#### [Problem description]
Among these records, which lines include "assms"? Copy them out.

#### [Input records]
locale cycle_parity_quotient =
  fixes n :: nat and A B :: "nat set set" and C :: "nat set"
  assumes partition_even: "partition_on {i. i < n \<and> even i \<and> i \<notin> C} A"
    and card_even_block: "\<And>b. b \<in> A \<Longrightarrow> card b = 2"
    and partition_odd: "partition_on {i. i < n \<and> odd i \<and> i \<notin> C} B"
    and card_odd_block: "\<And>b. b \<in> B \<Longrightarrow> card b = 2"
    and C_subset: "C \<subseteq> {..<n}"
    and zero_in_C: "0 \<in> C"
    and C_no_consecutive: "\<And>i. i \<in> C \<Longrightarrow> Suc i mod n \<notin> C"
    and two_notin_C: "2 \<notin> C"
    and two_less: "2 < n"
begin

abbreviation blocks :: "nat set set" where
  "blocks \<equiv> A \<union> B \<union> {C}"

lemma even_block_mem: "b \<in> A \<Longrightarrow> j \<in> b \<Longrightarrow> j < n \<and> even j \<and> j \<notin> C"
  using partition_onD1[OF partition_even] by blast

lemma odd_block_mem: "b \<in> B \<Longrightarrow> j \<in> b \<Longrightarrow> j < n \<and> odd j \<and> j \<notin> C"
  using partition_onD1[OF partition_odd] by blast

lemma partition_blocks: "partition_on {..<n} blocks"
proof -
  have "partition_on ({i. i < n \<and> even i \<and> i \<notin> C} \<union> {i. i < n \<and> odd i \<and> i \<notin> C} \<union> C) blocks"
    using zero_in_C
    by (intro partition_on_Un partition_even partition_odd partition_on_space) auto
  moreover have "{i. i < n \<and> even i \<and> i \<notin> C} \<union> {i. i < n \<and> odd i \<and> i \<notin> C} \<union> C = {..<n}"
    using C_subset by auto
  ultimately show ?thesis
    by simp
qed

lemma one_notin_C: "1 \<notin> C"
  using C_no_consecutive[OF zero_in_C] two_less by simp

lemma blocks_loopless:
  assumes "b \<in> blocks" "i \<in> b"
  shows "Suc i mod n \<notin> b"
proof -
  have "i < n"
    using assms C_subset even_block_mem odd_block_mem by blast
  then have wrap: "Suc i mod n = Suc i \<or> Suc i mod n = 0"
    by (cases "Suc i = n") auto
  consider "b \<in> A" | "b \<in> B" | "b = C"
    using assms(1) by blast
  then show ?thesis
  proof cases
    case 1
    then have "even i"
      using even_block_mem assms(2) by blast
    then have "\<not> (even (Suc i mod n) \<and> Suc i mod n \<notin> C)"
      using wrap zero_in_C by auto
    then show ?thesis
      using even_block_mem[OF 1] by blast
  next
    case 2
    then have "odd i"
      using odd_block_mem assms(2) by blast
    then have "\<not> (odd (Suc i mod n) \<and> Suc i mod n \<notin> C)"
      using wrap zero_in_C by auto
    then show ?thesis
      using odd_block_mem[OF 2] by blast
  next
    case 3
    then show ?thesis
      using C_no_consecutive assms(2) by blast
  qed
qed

#### [Exercise answer]
    using assms C_subset even_block_mem odd_block_mem by blast
    using assms(1) by blast
      using even_block_mem assms(2) by blast
      using odd_block_mem assms(2) by blast
      using C_no_consecutive assms(2) by blast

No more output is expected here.